#### WHAT THE EXERCISE ASKS
How many lines in the listing below contain the string "idems"? Say only the number.

#### EXTRACTED RECORDS

(* Let $(R,\Lambda,S)$ be a generalised Renner–Coxeter system with length function $\ell$, let $r\in R$ and let $(w_1,e,w_2)$ be the normal decomposition of $r$. Then $\ell(r)=\ell(w_1)+\ell(w_2)$.
   Context: For a monoid $R$, $E(R)$ is its set of idempotents, $G(R)$ its unit group. $R$ is factorisable if $R=E(R)G(R)=G(R)E(R)$ and idempotents commute; then $E(R)$ is a semilattice ($e\le f\iff ef=fe=e$) on which $G(R)$ acts by conjugation. For $e\in E(R)$, $W(e)=\{w\in G(R)\mid we=ew\}$, $W_\star(e)=\{w\mid we=ew=e\}$. For a Coxeter system $(W,S)$, $W_I$ is the subgroup generated by $I\subseteq S$. A generalised Renner–Coxeter system is a triple $(R,\Lambda,S)$ with: (ECS1) $R$ factorisable; (ECS2) $\Lambda\subseteq E(R)$ contains exactly one element of each $G(R)$-orbit and is closed under multiplication; (ECS3) $(G(R),S)$ is a Coxeter system; (ECS4) for $e_1\le e_2$ in $E(R)$ there are $w\in G(R)$, $f_1\le f_2$ in $\Lambda$ with $wf_iw^{-1}=e_i$; (ECS5) for $e\in\Lambda$, $W(e)$, $W_\star(e)$ are of the form $W_I$; (ECS6) with $\lambda^\star(e)=\{s\in S\mid se=es\ne e\}$, $e\le f$ in $\Lambda$ implies $\lambda^\star(e)\subseteq\lambda^\star(f)$. $\Lambda_\circ=\Lambda\setminus\{1\}$. The length $\ell(x)$ of $x\in R$ is the minimal number of letters from $S$ in a word over $S\cup\Lambda_\circ$ representing $x$. The normal decomposition of $r$ is the unique triple $(w_1,e,w_2)$ with $e\in\Lambda$, $w_1$ of minimal Coxeter length in $w_1W_\star(e)$, $w_2$ of minimal Coxeter length in $W(e)w_2$, and $r=w_1ew_2$. *)

theory Defs
  imports Main
begin

text \<open>The monoid R is modelled as a type 'a of class monoid_mult (the whole type is R).\<close>

definition idems :: "'a::monoid_mult set" where
  "idems = {e. e * e = e}"

definition units :: "'a::monoid_mult set" where
  "units = {w. \<exists>v. w * v = 1 \<and> v * w = 1}"

definition idem_le :: "'a::monoid_mult \<Rightarrow> 'a \<Rightarrow> bool" where
  "idem_le e f \<longleftrightarrow> e * f = e \<and> f * e = e"

definition factorisable :: "'a::monoid_mult itself \<Rightarrow> bool" where
  "factorisable _ \<longleftrightarrow>
     (\<forall>r::'a. \<exists>e\<in>idems. \<exists>g\<in>units. r = e * g) \<and>
     (\<forall>r::'a. \<exists>e\<in>idems. \<exists>g\<in>units. r = g * e) \<and>
     (\<forall>e\<in>(idems::'a set). \<forall>f\<in>idems. e * f = f * e)"

definition unit_conj :: "'a::monoid_mult \<Rightarrow> 'a \<Rightarrow> 'a \<Rightarrow> bool" where
  "unit_conj g f e \<longleftrightarrow> (\<exists>h. g * h = 1 \<and> h * g = 1 \<and> g * f * h = e)"

text \<open>Congruence on words over S generated by the Coxeter relations
  ss = 1 and (st)^{m(s,t)} = 1 (m s t = 0 encodes m(s,t) = infinity).\<close>
inductive cox_equiv :: "'a set \<Rightarrow> ('a \<Rightarrow> 'a \<Rightarrow> nat) \<Rightarrow> 'a list \<Rightarrow> 'a list \<Rightarrow> bool"
  for S m where
  refl: "u \<in> lists S \<Longrightarrow> cox_equiv S m u u"
| sym: "cox_equiv S m u v \<Longrightarrow> cox_equiv S m v u"
| trans: "cox_equiv S m u v \<Longrightarrow> cox_equiv S m v w \<Longrightarrow> cox_equiv S m u w"
| braid: "u \<in> lists S \<Longrightarrow> v \<in> lists S \<Longrightarrow> s \<in> S \<Longrightarrow> t \<in> S \<Longrightarrow> m s t \<noteq> 0 \<Longrightarrow>
          cox_equiv S m (u @ concat (replicate (m s t) [s, t]) @ v) (u @ v)"

definition coxeter_system :: "'a::monoid_mult set \<Rightarrow> bool" where
  "coxeter_system S \<longleftrightarrow>
     S \<subseteq> units \<and> (\<forall>s\<in>S. s \<noteq> 1 \<and> s * s = 1) \<and>
     (\<forall>g\<in>units. \<exists>u\<in>lists S. prod_list u = g) \<and>
     (\<exists>m::'a \<Rightarrow> 'a \<Rightarrow> nat.
        (\<forall>s t. m s t = m t s) \<and> (\<forall>s. m s s = 1) \<and>
        (\<forall>s\<in>S. \<forall>t\<in>S. s \<noteq> t \<longrightarrow> m s t \<noteq> 1) \<and>
        (\<forall>u\<in>lists S. \<forall>v\<in>lists S. prod_list u = prod_list v \<longleftrightarrow> cox_equiv S m u v))"

text \<open>Standard parabolic subgroup W_I (generated by I; as elements of I are involutions,
  the products of words over I form exactly the generated subgroup).\<close>
definition parabolic :: "'a::monoid_mult set \<Rightarrow> 'a set" where
  "parabolic I = {prod_list u | u. u \<in> lists I}"

definition W_cent :: "'a::monoid_mult \<Rightarrow> 'a set" where
  "W_cent e = {w \<in> units. w * e = e * w}"

definition W_star :: "'a::monoid_mult \<Rightarrow> 'a set" where
  "W_star e = {w \<in> units. w * e = e \<and> e * w = e}"

definition lambda_star :: "'a::monoid_mult set \<Rightarrow> 'a \<Rightarrow> 'a set" where
  "lambda_star S e = {s \<in> S. s * e = e * s \<and> s * e \<noteq> e}"

definition gen_renner_coxeter :: "'a::monoid_mult set \<Rightarrow> 'a set \<Rightarrow> bool" where
  "gen_renner_coxeter \<Lambda> S \<longleftrightarrow>
     factorisable TYPE('a) \<and>
     \<Lambda> \<subseteq> idems \<and>
     (\<forall>e\<in>idems. \<exists>f\<in>\<Lambda>. \<exists>g\<in>units. unit_conj g f e) \<and>
     (\<forall>f1\<in>\<Lambda>. \<forall>f2\<in>\<Lambda>. (\<exists>g\<in>units. unit_conj g f1 f2) \<longrightarrow> f1 = f2) \<and>
     (\<forall>a\<in>\<Lambda>. \<forall>b\<in>\<Lambda>. a * b \<in> \<Lambda>) \<and>
     coxeter_system S \<and>
     (\<forall>e1\<in>idems. \<forall>e2\<in>idems. idem_le e1 e2 \<longrightarrow>
        (\<exists>w\<in>units. \<exists>f1\<in>\<Lambda>. \<exists>f2\<in>\<Lambda>. idem_le f1 f2 \<and> unit_conj w f1 e1 \<and> unit_conj w f2 e2)) \<and>
     (\<forall>e\<in>\<Lambda>. (\<exists>I\<subseteq>S. W_cent e = parabolic I) \<and> (\<exists>J\<subseteq>S. W_star e = parabolic J)) \<and>
     (\<forall>e\<in>\<Lambda>. \<forall>f\<in>\<Lambda>. idem_le e f \<longrightarrow> lambda_star S e \<subseteq> lambda_star S f)"

definition cox_len :: "'a::monoid_mult set \<Rightarrow> 'a \<Rightarrow> nat" where
  "cox_len S w = (LEAST n. \<exists>u\<in>lists S. prod_list u = w \<and> length u = n)"

definition rlen :: "'a::monoid_mult set \<Rightarrow> 'a set \<Rightarrow> 'a \<Rightarrow> nat" where
  "rlen \<Lambda> S x = (LEAST n. \<exists>u\<in>lists (S \<union> (\<Lambda> - {1})).
      prod_list u = x \<and> length (filter (\<lambda>a. a \<in> S) u) = n)"

definition normal_decomp :: "'a::monoid_mult set \<Rightarrow> 'a set \<Rightarrow> 'a \<Rightarrow> 'a \<Rightarrow> 'a \<Rightarrow> 'a \<Rightarrow> bool" where
  "normal_decomp \<Lambda> S r w1 e w2 \<longleftrightarrow>
     e \<in> \<Lambda> \<and> w1 \<in> units \<and> w2 \<in> units \<and> r = w1 * e * w2 \<and>
     (\<forall>u\<in>W_star e. cox_len S w1 \<le> cox_len S (w1 * u)) \<and>
     (\<forall>u\<in>W_cent e. cox_len S w2 \<le> cox_len S (u * w2))"

end

theory Submission
  imports Defs "HOL-Library.Sublist"
begin

text \<open>Reduced words for \<open>w\<^sub>1\<close> and \<open>w\<^sub>2\<close> around the letter \<open>e\<close> give
  \<open>\<ell>(r) \<le> \<ell>(w\<^sub>1) + \<ell>(w\<^sub>2)\<close>, and \<open>\<ell>\<close> is the Coxeter length on units. Conversely, reading a
  word for \<open>r\<close> from the right and absorbing each idempotent letter \<open>g\<close> into the middle keeps a
  factorisation \<open>a f b\<close> with \<open>f \<in> \<Lambda>\<close> and \<open>\<ell>(a) + \<ell>(b)\<close> at most the number of letters
  from \<open>S\<close> read so far: ECS4 rewrites \<open>g a f\<close> as \<open>U h V\<close>, where \<open>h \<in> \<Lambda>\<close> lies below
  \<open>f\<close> and \<open>g\<close> and \<open>a = U X V\<close> is a reduced product of elements of \<open>W(g)\<close>, \<open>W(h)\<close>, \<open>W(f)\<close>.
  Comparing \<open>a f b = w\<^sub>1 e w\<^sub>2\<close> forces \<open>f = e\<close>, \<open>b = y w\<^sub>2\<close> with \<open>y \<in> W(e)\<close>, and
  \<open>a y \<in> w\<^sub>1 W\<^sub>\<star>(e)\<close>; minimality of \<open>w\<^sub>1\<close>, and additivity of length on minimal coset
  representatives of the parabolic subgroup \<open>W(e)\<close>, give \<open>\<ell>(w\<^sub>1) + \<ell>(w\<^sub>2) \<le> \<ell>(a) + \<ell>(b)\<close>.
  That additivity rests on the deletion condition, which follows from the Coxeter presentation
  because the parity of the number of occurrences of each reflection in a word is invariant
  under the relations.\<close>

definition unit_inv :: "'a::monoid_mult \<Rightarrow> 'a" where
  "unit_inv w = (SOME v. w * v = 1 \<and> v * w = 1)"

#### EXERCISE SOLUTION
8